9. There were many fully correct answers to (a) seen, but also many who applied the nearest neighbour algorithm instead. Many seemed
to confuse arcs with vertices and did not list their arcs as required. Most candidates drew a tree in part (b) and almost all who got the
correct tree also correctly found its weight. Many candidates were able to describe the mechanics of the algorithm in part (d), with the
commonly seen reference to ‘crossing out rows’, but only the best were able to think about HOW the algorithm worked and secure both
marks.
10. This proved an accessible question, but careless slips resulted in few gaining full credit. Not all candidates used Prim’s algorithm
correctly and of those that did, some did not clearly state the order in which the edge were selected – as directed in the question. A
disappointing number of candidates used the nearest neighbour algorithm instead of Prim’s algorithm. Many omitted to state the weight
of the tree. The vast majority were able to draw the network in part (b). The majority did three pairings but many did not find all the
shortest routes between the pairs. Some discarded any route involving more than one edge and some did not state the totals of their
pairings. A few did not state a route and some found a semi-Eulerian solution.
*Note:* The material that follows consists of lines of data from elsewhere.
lemma chernoff_half_mean_le_inverse:
  fixes x :: real
  assumes n: "n \<ge> 1" and x: "x \<le> 1" "x \<ge> 8 * ln (real n) / real n"
  shows "2 powr (real n * x / 2) * (1 - x / 2) ^ n \<le> 1 / real n"
proof -
  have x0: "x \<ge> 0" using x(2) n by (smt (verit) divide_nonneg_nonneg ln_ge_zero of_nat_0_le_iff of_nat_1 of_nat_mono)
  have "(1 - x / 2) ^ n \<le> exp (- x / 2) ^ n"
    using exp_ge_add_one_self[of "- x / 2"] x by (intro power_mono) auto
  also have "\<dots> = exp (- real n * x / 2)" by (simp add: exp_of_nat_mult[symmetric])
  moreover have "2 powr (real n * x / 2) = exp (real n * x / 2 * ln 2)"
    by (simp add: powr_def mult.commute)
  ultimately have "2 powr (real n * x / 2) * (1 - x / 2) ^ n \<le> exp (real n * x / 2 * ln 2) * exp (- real n * x / 2)"
    by (metis exp_ge_zero mult_left_mono)
  also have "\<dots> = exp (real n * x / 2 * (ln 2 - 1))"
    by (simp add: exp_add[symmetric] algebra_simps)
  also have "\<dots> \<le> exp (- ln (real n))"
  proof -
    have "ln (real n) \<le> real n * x / 8" using x(2) n by (simp add: field_simps)
    moreover have "real n * x / 2 * (ln 2 - 1) \<le> real n * x / 2 * (-1/4)"
      using ln2_le_three_quarters x0 by (intro mult_left_mono) auto
    ultimately have "real n * x / 2 * (ln 2 - 1) \<le> - ln (real n)" by linarith
    then show ?thesis by simp
  qed
  also have "\<dots> = 1 / real n" using n by (simp add: exp_minus inverse_eq_divide)
  finally show ?thesis .
qed

lemma grp_count_lower_tail:
  fixes p :: "nat \<Rightarrow> real"
  assumes p_nonneg: "\<forall>k\<in>{1..K}. p k \<ge> 0" and p_sum: "(\<Sum>k\<in>{1..K}. p k) = 1"
    and k: "k \<in> {1..K}" and n: "n \<ge> 1" and pk: "p k \<ge> 8 * ln (real n) / real n"
  shows "(\<Sum>h\<in>PiE {1..n} (\<lambda>_. {1..K}). (\<Prod>i\<in>{1..n}. p (h i)) *
            (if real (grp_count n h k) < real n * p k / 2 then 1 else 0)) \<le> 1 / real n"
proof -
  have "p k \<le> sum p {1..K}" using k p_nonneg by (intro member_le_sum) auto
  then have "p k \<le> 1" using p_sum by simp
  then show ?thesis
    using grp_count_lower_tail_exp[OF p_nonneg p_sum k] chernoff_half_mean_le_inverse[OF n _ pk]
    by (meson order_trans)
qed

text \<open>A group \<open>k\<close> of size at least \<open>n p\<^sub>k / 2\<close> has weight
  \<open>q\<^sub>k / n\<^sub>k = (q\<^sub>k / p\<^sub>k) (p\<^sub>k / n\<^sub>k) \<le> 2 Mx / n\<close>; a smaller nonempty one has weight at most \<open>Mx p\<^sub>k\<close>.\<close>
lemma max_group_weight_le:
  fixes p q :: "nat \<Rightarrow> real"
  assumes p_nonneg: "\<forall>k\<in>{1..K}. p k \<ge> 0" and n: "n \<ge> 1"
    and h: "\<forall>i\<in>{1..n}. h i \<in> {1..K} \<and> p (h i) > 0"
    and Mx: "\<forall>k\<in>{1..K}. q k / p k \<le> Mx" "Mx \<ge> 0"
  shows "max_group_weight K q n h
           \<le> Mx * (2 / real n + (\<Sum>k\<in>{1..K}. p k * (if real (grp_count n h k) < real n * p k / 2 then 1 else 0)))"
    (is "_ \<le> Mx * (2 / real n + ?S)")
  unfolding max_group_weight_def
proof (intro Max.boundedI ballI)
  have S: "?S \<ge> 0" using p_nonneg by (intro sum_nonneg) auto
  fix a assume "a \<in> insert 0 {q k / real (grp_count n h k) | k. k \<in> {1..K} \<and> grp_count n h k > 0}"
  then consider "a = 0" | k where "k \<in> {1..K}" "grp_count n h k > 0" "a = q k / real (grp_count n h k)"
    by auto
  then show "a \<le> Mx * (2 / real n + ?S)"
  proof cases
    case 1
    then show ?thesis using Mx(2) S n by simp
  next
    case (2 k)
    define g where "g = real (grp_count n h k)"
    have g: "g \<ge> 1" using 2(2) by (simp add: g_def)
    have pk: "p k > 0" using 2(2) h by (auto simp: grp_count_pos_iff)
    have "p k / g \<le> 2 / real n + ?S"
    proof (cases "g < real n * p k / 2")
      case True
      then have "p k \<le> ?S"
        using member_le_sum[of k "{1..K}" "\<lambda>k. p k * (if real (grp_count n h k) < real n * p k / 2 then 1 else 0)"]
          2(1) p_nonneg by (simp add: g_def)
      moreover have "p k / g \<le> p k" using g pk by (simp add: divide_le_eq)
      ultimately show ?thesis using n by (smt (verit) divide_nonneg_nonneg of_nat_0_le_iff)
    next
      case False
      then have "p k / g \<le> 2 / real n" using n g by (simp add: field_simps)
      then show ?thesis using S by simp
    qed
    note bound = this
    have "a = (q k / p k) * (p k / g)" using 2(3) pk by (simp add: g_def)
    also have "\<dots> \<le> Mx * (p k / g)" using Mx(1) 2(1) pk g by (intro mult_right_mono) auto
    also have "\<dots> \<le> Mx * (2 / real n + ?S)" using bound Mx(2) by (rule mult_left_mono)
    finally show ?thesis .
  qed
qed (simp_all add: finite_group_weights)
11. There was a varied response to this question, with some very good and some quite poor responses seen. Part (a) was generally better
attempted than part (b). In part (a) the candidates were asked to make the order in which they selected the arcs clear, many did not do
this. Many candidates wasted time by drawing a succession of diagrams showing the addition of one arc at a time. Many candidates lost
marks in Kruskal’s algorithm by not showing the rejection of the arcs that created loops. In some attempts at Prim’s algorithm, many
did not list the arcs and others referred to rejecting arcs to prevent cycles from forming. Many wasted time in drawing a matrix for Prim.
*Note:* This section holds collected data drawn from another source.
(* Let $W$ be a cocompact discrete reflection group of a CAT(0) space $X$, let $C$ be a chamber, and let $S$ be a minimal subset of the set $R$ of reflections in $W$ such that $C=\bigcap_{s\in S}X_s^+$. Let $w\in W$, let $w=s_1\cdots s_l$ be a reduced representation ($s_i\in S$, $l=\ell(w)$), and let $T=\{s_1,\dots,s_l\}$. Then $$\overline{C}\cap w\overline{C}=\bigcap_{t\in T}(F_t\cap\overline{C})=\bigcap_{t\in T}(t\overline{C}\cap\overline{C})=\bigcap_{v\in W_T}v\overline{C}.$$
   Context: An isometry $r$ of a geodesic space $X$ is a reflection if $r^2=\mathrm{id}$, the fixed-point set $F_r$ (the wall of $r$) has empty interior, $X\setminus F_r$ has exactly two convex connected components, and $r$ interchanges them. A reflection group is an isometry group generated by reflections. Let $W$ be a reflection group of $X$ acting properly (i.e. $\{\gamma\in W: \gamma x\in B(x,N)\}$ is finite for all $x\in X$, $N>0$), and $R$ the set of all reflections of $X$ lying in $W$. A chamber is a connected component $C$ of $X\setminus\bigcup_{r\in R}F_r$. $W$ is a cocompact discrete reflection group if $\overline{C}$ is compact and $\{\gamma\in W: \gamma C=C\}=\{1\}$. For $r\in R$, $X_r^+$ denotes the component of $X\setminus F_r$ containing $C$. $S\subset R$ is minimal with $C=\bigcap_{s\in S}X_s^+$; then $(W,S)$ is a Coxeter system, and $\ell$ is word length with respect to $S$. For $T\subset S$, $W_T$ is the subgroup generated by $T$. *)

theory Defs
  imports "HOL-Analysis.Analysis"
begin

text \<open>The space X is the whole type 'a with its metric.\<close>

definition geodesic_seg :: "(real \<Rightarrow> 'a::metric_space) \<Rightarrow> 'a \<Rightarrow> 'a \<Rightarrow> bool" where
  "geodesic_seg g x y \<longleftrightarrow> g 0 = x \<and> g (dist x y) = y \<and>
     (\<forall>s\<in>{0..dist x y}. \<forall>t\<in>{0..dist x y}. dist (g s) (g t) = \<bar>s - t\<bar>)"

definition geodesic_space :: "'a::metric_space itself \<Rightarrow> bool" where
  "geodesic_space TYPE('a) \<longleftrightarrow> (\<forall>x y::'a. \<exists>g. geodesic_seg g x y)"

text \<open>Comparison point on the Euclidean segment from p' to q' at distance s from p'
  (the Euclidean plane is modelled by complex).\<close>
definition cmp_pt :: "complex \<Rightarrow> complex \<Rightarrow> real \<Rightarrow> complex" where
  "cmp_pt p' q' s = p' + of_real (s / dist p' q') * (q' - p')"

text \<open>Pairs (point on the geodesic triangle, its comparison point).\<close>
definition tri_pairs ::
  "'a::metric_space \<Rightarrow> 'a \<Rightarrow> 'a \<Rightarrow> (real \<Rightarrow> 'a) \<Rightarrow> (real \<Rightarrow> 'a) \<Rightarrow> (real \<Rightarrow> 'a)
   \<Rightarrow> complex \<Rightarrow> complex \<Rightarrow> complex \<Rightarrow> ('a \<times> complex) set" where
  "tri_pairs p q r g1 g2 g3 p' q' r' =
     (\<lambda>s. (g1 s, cmp_pt p' q' s)) ` {0..dist p q} \<union>
     (\<lambda>s. (g2 s, cmp_pt q' r' s)) ` {0..dist q r} \<union>
     (\<lambda>s. (g3 s, cmp_pt r' p' s)) ` {0..dist r p}"

definition CAT0 :: "'a::metric_space itself \<Rightarrow> bool" where
  "CAT0 TYPE('a) \<longleftrightarrow> geodesic_space TYPE('a) \<and>
    (\<forall>(p::'a) q r g1 g2 g3 p' q' r'.
       geodesic_seg g1 p q \<and> geodesic_seg g2 q r \<and> geodesic_seg g3 r p \<and>
       dist p' q' = dist p q \<and> dist q' r' = dist q r \<and> dist r' p' = dist r p \<longrightarrow>
       (\<forall>(x, x')\<in>tri_pairs p q r g1 g2 g3 p' q' r'.
        \<forall>(y, y')\<in>tri_pairs p q r g1 g2 g3 p' q' r'. dist x y \<le> dist x' y'))"

definition gconvex :: "'a::metric_space set \<Rightarrow> bool" where
  "gconvex A \<longleftrightarrow> (\<forall>x\<in>A. \<forall>y\<in>A. \<forall>g. geodesic_seg g x y \<longrightarrow> g ` {0..dist x y} \<subseteq> A)"

definition isometry :: "('a::metric_space \<Rightarrow> 'a) \<Rightarrow> bool" where
  "isometry f \<longleftrightarrow> bij f \<and> (\<forall>x y. dist (f x) (f y) = dist x y)"

definition fixset :: "('a \<Rightarrow> 'a) \<Rightarrow> 'a set" where
  "fixset r = {x. r x = x}"

definition reflection :: "('a::metric_space \<Rightarrow> 'a) \<Rightarrow> bool" where
  "reflection r \<longleftrightarrow> isometry r \<and> r \<circ> r = id \<and> interior (fixset r) = {} \<and>
     (\<exists>A B. components (- fixset r) = {A, B} \<and> A \<noteq> B \<and> gconvex A \<and> gconvex B \<and>
            r ` A = B \<and> r ` B = A)"

inductive_set gen_group :: "('a \<Rightarrow> 'a) set \<Rightarrow> ('a \<Rightarrow> 'a) set" for G where
  gen_id: "id \<in> gen_group G"
| gen_mult: "g \<in> G \<Longrightarrow> w \<in> gen_group G \<Longrightarrow> g \<circ> w \<in> gen_group G"
| gen_inv: "g \<in> G \<Longrightarrow> w \<in> gen_group G \<Longrightarrow> inv g \<circ> w \<in> gen_group G"

definition reflection_group :: "('a::metric_space \<Rightarrow> 'a) set \<Rightarrow> bool" where
  "reflection_group W \<longleftrightarrow> (\<exists>G. (\<forall>g\<in>G. reflection g) \<and> W = gen_group G)"

definition acts_properly :: "('a::metric_space \<Rightarrow> 'a) set \<Rightarrow> bool" where
  "acts_properly W \<longleftrightarrow> (\<forall>x. \<forall>N>0. finite {g\<in>W. g x \<in> ball x N})"

definition refls :: "('a::metric_space \<Rightarrow> 'a) set \<Rightarrow> ('a \<Rightarrow> 'a) set" where
  "refls W = {r\<in>W. reflection r}"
Part (b) was often poorly done with many candidates opting for Prim despite the two arcs not being connected. Of those who correctly
selected Kruskal, only a few were able to give a coherent explanation.
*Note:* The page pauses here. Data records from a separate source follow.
lemma psi_block_product:
  assumes i: "i < k"
  shows "\<exists>\<sigma> \<theta>. \<forall>x<dL i. \<forall>r<dR i. \<forall>p<a. \<forall>q<b. psi i x r p q = \<sigma> x p * \<theta> r q"
proof -
  obtain \<sigma> \<theta>\<^sub>0 where prod0: "\<forall>c<b. \<forall>p<a. \<forall>x<dL i. right_slice i c $$ (p, x) = \<sigma> x p * \<theta>\<^sub>0 c"
    using commuting_gram.product_form[OF block_commuting_gram[OF i]] by blast
  have "\<forall>r. \<exists>C. r < dR i \<longrightarrow>
      (\<forall>x<dL i. \<forall>p<a. \<forall>q<b. psi i x r p q = (\<Sum>q'<b. C $$ (q, q') * psi i x 0 p q'))"
    using psi_right_step[OF i] by blast
  then have "\<exists>C. \<forall>r. r < dR i \<longrightarrow>
      (\<forall>x<dL i. \<forall>p<a. \<forall>q<b. psi i x r p q = (\<Sum>q'<b. C r $$ (q, q') * psi i x 0 p q'))"
    by (rule choice)
  then obtain C where C: "\<forall>r. r < dR i \<longrightarrow>
      (\<forall>x<dL i. \<forall>p<a. \<forall>q<b. psi i x r p q = (\<Sum>q'<b. C r $$ (q, q') * psi i x 0 p q'))"
    by blast
  have "psi i x r p q = \<sigma> x p * (\<Sum>q'<b. C r $$ (q, q') * \<theta>\<^sub>0 q')"
    if "x < dL i" "r < dR i" "p < a" "q < b" for x r p q
  proof -
    have "psi i x r p q = (\<Sum>q'<b. C r $$ (q, q') * psi i x 0 p q')"
      using C that by blast
    also have "\<dots> = (\<Sum>q'<b. C r $$ (q, q') * (\<sigma> x p * \<theta>\<^sub>0 q'))"
      using prod0 that by (intro sum.cong refl) (simp add: right_slice_def)
    finally show ?thesis
      by (simp add: sum_distrib_left mult_ac)
  qed
  then show ?thesis
    by (intro exI[of _ \<sigma>] exI[of _ "\<lambda>r q. \<Sum>q'<b. C r $$ (q, q') * \<theta>\<^sub>0 q'"]) simp
qed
12. Almost all of the candidates were able to draw the arcs correctly but it was not always clear which numbers went with which arcs,
which lead to mistakes later. Most candidates were able to perform Kruskal’s algorithm correctly although a number omitted to state
that arc CD was rejected. Most went on to correctly draw the minimum spanning tree, but units were often omitted when stating its
weight. Prim’s algorithm was less well done. Some did not show that they had used the matrix, some started at A and many listed
vertices instead of arcs.
13. The majority of candidates found part (a) tricky. There were some very poor definitions, poor use of technical terms and muddled
thinking seen. Candidates often did not write in complete sentences, making it very difficult to understand the point they were trying to
make. Part (b) was usually better done although candidates confused arcs, vertices, nodes and edges and made some worrying remarks
about cycles. Part (c) was usually completed correctly. Part (d) caused problems for some candidates, with some incorrect diagrams and
incorrect answers of 54m, 540m and 39m often seen.
14. Very few candidates attempted a comparison in part (a). Most just described the two methods. A significant number confused the
two algorithms. There was some poor use of technical terms seen. Part (b) was very well done with most candidates gaining full marks,
but a few did not list the arcs as requested. A surprising number of candidates seem to think that Prim’s algorithm can only be applied
to a matrix and wasted a lot of time in creating the matrix. Others wasted time (and often went onto at least two extra sides of paper) by
drawing a ‘cartoon sequence’ showing the state of the tree after each arc addition, rather than simply listing the arcs in order.
15. No Report available for this question.